For the same reasons, words or commands are juxtaposed with no clearly visible sense. An expression such as Dedusting Solenoid Valves On Duration Timer Setpoint (x0,1s) remains a closed book even for some clients. Here the translator needs a clear understanding of the way such expressions are created: What is the pattern? Which information comes at the beginning and at the end of the message? Have typographical elements like capital letters been used to mark a group of words? In order not to confuse the final user with different patterns, the client should define in a style guide linguistic rules as how to generate and coin strings, and write messages in a uniform way. The same applies to the coinage of abbreviations.

These technical and linguistic requirements mean a tedious chore for the average translator, and often requires many hours of manual work. The development of appropriate scripts or checking routines is often an effective and reliable technical solution. However, this is only possible with associated development efforts and can only be done for projects with a certain volume. Unfortunately, small machine software projects will continue to require substantial manual work.

Several aspects of the text can be checked with the quality assurance features of TMs or with independent quality assurance programs. These items are the consistent use of a predefined terminology, provided of course that a terminology was created, and the correctness of numbers in the machine software. But not everything can be verified with the assistance of software.

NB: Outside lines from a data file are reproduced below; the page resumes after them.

theorem theorem2:
  fixes T l1 l2 p12 p21 r1 r2 c1 c2 h1 h2 :: real and Q1 Q2 :: nat
  assumes "T > 0" and "l1 > 0" and "l2 > 0"
    and "0 \<le> p12" and "p12 \<le> 1" and "0 \<le> p21" and "p21 \<le> 1"
    and "r1 \<ge> 0" and "r2 \<ge> 0" and "h1 \<ge> 0" and "h2 \<ge> 0"
  shows "pi1 T l1 l2 p12 p21 r1 r2 c1 c2 h1 h2 (Q1 + 1) (Q2 + 1)
       - pi1 T l1 l2 p12 p21 r1 r2 c1 c2 h1 h2 (Q1 + 1) Q2
       - pi1 T l1 l2 p12 p21 r1 r2 c1 c2 h1 h2 Q1 (Q2 + 1)
       + pi1 T l1 l2 p12 p21 r1 r2 c1 c2 h1 h2 Q1 Q2 \<le> 0"
proof -
  let ?D = "\<lambda>f. mixed_diff (\<lambda>(q1, q2). inv_expect l1 l2 p12 p21 q1 q2 T f) Q1 Q2"
  have "0 \<le> ?D (\<lambda>x. real (fst x))" "0 \<le> ?D (\<lambda>x. real (snd x))"
    using assms
    by (auto intro!: inv_expect_supermodular axis_convex_supermodular_fst axis_convex_supermodular_snd)
  then have "0 \<le> (r1 + h1) * ?D (\<lambda>x. real (fst x)) + (r2 + h2) * ?D (\<lambda>x. real (snd x))"
    using assms by simp
  moreover have "pi1 T l1 l2 p12 p21 r1 r2 c1 c2 h1 h2 (Q1 + 1) (Q2 + 1)
       - pi1 T l1 l2 p12 p21 r1 r2 c1 c2 h1 h2 (Q1 + 1) Q2
       - pi1 T l1 l2 p12 p21 r1 r2 c1 c2 h1 h2 Q1 (Q2 + 1)
       + pi1 T l1 l2 p12 p21 r1 r2 c1 c2 h1 h2 Q1 Q2
     = - (1 / T) * ((r1 + h1) * ?D (\<lambda>x. real (fst x)) + (r2 + h2) * ?D (\<lambda>x. real (snd x)))"
    unfolding pi1_def mixed_diff_def by (simp add: algebra_simps)
  ultimately show ?thesis
    using \<open>T > 0\<close> by (simp add: mult_nonneg_nonneg)
qed

end
(* $\mathcal{L}_{\mathsf{SAFA_{init}}}$ and $\mathcal{L}_{\mathsf{KRFA}}$ are incomparable: there is a data language accepted by some SAFA with initialization but by no $k$-register automaton (for any $k$), and there is a data language accepted by some $k$-register automaton but by no SAFA with initialization.
   Context: $D$ is a fixed countably infinite set of data values; for a finite alphabet $\Sigma$, data languages are subsets of $(\Sigma\times D)^*$. A set augmented finite automaton (SAFA) is a tuple $M=(Q,\Sigma\times D,q_0,F,H,\delta)$: $Q$ finite set of states, $q_0\in Q$ initial, $F\subseteq Q$ final, $H=\{h_1,\dots,h_m\}$ a finite collection of (names of) sets of data values, $\delta\subseteq Q\times\Sigma\times C\times OP\times Q$ with $C=\{p(h_i),\,!p(h_i)\}$, $OP=\{-\}\cup\{\mathsf{ins}(h_i)\}$. Configurations are $(q,\langle S_1,\dots,S_m\rangle)$, $S_i\subseteq D$ finite. On reading $(a,d)$, a transition $(q,a,\alpha,op,q')$ from the current state may be taken if $\alpha=p(h_i)$ and $d\in S_i$, or $\alpha=\,!p(h_i)$ and $d\notin S_i$; then the state becomes $q'$ and if $op=\mathsf{ins}(h_j)$, $d$ is added to $S_j$. A word is accepted if some run reads it entirely and ends in $F$. In an ordinary SAFA all sets start empty; a SAFA with initialization additionally specifies initial contents (finite subsets of $D$) of the sets in $H$ before the computation starts. $\mathcal{L}_{\mathsf{SAFA_{init}}}$ is the class of data languages accepted by nondeterministic SAFA with initialization. A $k$-register automaton is a tuple $(Q,\Sigma,\delta,\tau_0,U,q_0,F)$ with finite state set $Q$, initial state $q_0$, final states $F$, initial register assignment $\tau_0:\{1,\dots,k\}\to D\cup\{\bot\}$ (non-$\bot$ values pairwise distinct), partial update function $U:Q\times\Sigma\to\{1,\dots,k\}$, and $\delta\subseteq Q\times\Sigma\times\{1,\dots,k\}\times Q$. Reading $(a,d)$ in state $q$: if $d$ equals the content of register $i$, a transition $(q,a,i,q')\in\delta$ is taken (halt if none); otherwise, if $U(q,a)$ is defined, $d$ is written into register $U(q,a)$ and a transition $(q,a,U(q,a),q')\in\delta$ is taken (halt if none or if $U(q,a)$ undefined). A word is accepted if entirely consumed ending in $F$. $\mathcal{L}_{\mathsf{KRFA}}$ is the class of languages accepted by $k$-register automata for some $k\ge 1$. *)

theory Defs
  imports Main "HOL-Library.Countable_Set"
begin

text \<open>Sets of a SAFA are indexed by 0..m-1; registers of a register automaton by 1..k.\<close>

datatype cond = Mem nat | NotMem nat
datatype setop = NoOp | Ins nat

record ('s, 'd) safa =
  sQ :: "nat set"
  sq0 :: nat
  sF :: "nat set"
  sm :: nat
  sdelta :: "(nat \<times> 's \<times> cond \<times> setop \<times> nat) set"
  sinit :: "nat \<Rightarrow> 'd set"

fun cond_idx :: "cond \<Rightarrow> nat" where
  "cond_idx (Mem i) = i" | "cond_idx (NotMem i) = i"

fun op_ok :: "nat \<Rightarrow> setop \<Rightarrow> bool" where
  "op_ok m NoOp = True" | "op_ok m (Ins j) = (j < m)"

definition safa_init_wf :: "('s, 'd) safa \<Rightarrow> bool" where
  "safa_init_wf M \<longleftrightarrow> finite (sQ M) \<and> sq0 M \<in> sQ M \<and> sF M \<subseteq> sQ M \<and>
     (\<forall>(q, a, c, op, q') \<in> sdelta M. q \<in> sQ M \<and> q' \<in> sQ M \<and> cond_idx c < sm M \<and> op_ok (sm M) op) \<and>
     (\<forall>i < sm M. finite (sinit M i)) \<and> (\<forall>i \<ge> sm M. sinit M i = {})"

fun cond_holds :: "cond \<Rightarrow> (nat \<Rightarrow> 'd set) \<Rightarrow> 'd \<Rightarrow> bool" where
  "cond_holds (Mem i) S d = (d \<in> S i)"
| "cond_holds (NotMem i) S d = (d \<notin> S i)"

Since some of the translations have been produced without context information, the final output should normally be reviewed after the localized version of the machine software has been compiled because a sizeable part of the strings is context dependent.

Few clients have thought carefully about the entire localization process and have therefore not planned sufficient time or budget for this step. This unfortunately leads to the fact that the translated texts are corrected at a later stage when there is a complaint or when the translated strings have already reached the final customer. Some manufacturers of machine software have recognized this problem and developed their own applications to visualize the localized dialogues during the review process. This indeed allows the reviser to see all the translated texts that appear simultaneously in a dialog. Whenever clients have developed dedicated applications to localize their machine software and translate the software strings, the performance and functionality of these applications lay in general far behind the scope and performance of professional localization tools, which have been developed over many years just for that purpose.

For all the reasons above, one should consider the use of localization programs for machine software and embedded systems as an alternative to traditional TM systems. These localization programs, for example, offer the following functions:

Read available metadata from the files generated by the machine software (CSV, TXT, XML) such as the maximal length of the string in characters or pixels

Check the maximum number of characters or pixels per display line

Develop custom checks or file conversions with the help of the integrated macro editor

Provide context information to the translator in the form of metadata, images or links to external sites

Associate translation units with IDs (when available) and therefore make them more suitable for context-dependent multiple translations.

Repair is always more expensive than doing it right the first time. Translators and developers can save much trouble and work when they cooperate in a long-term perspective and plan together all phases of the localization process of a machine application.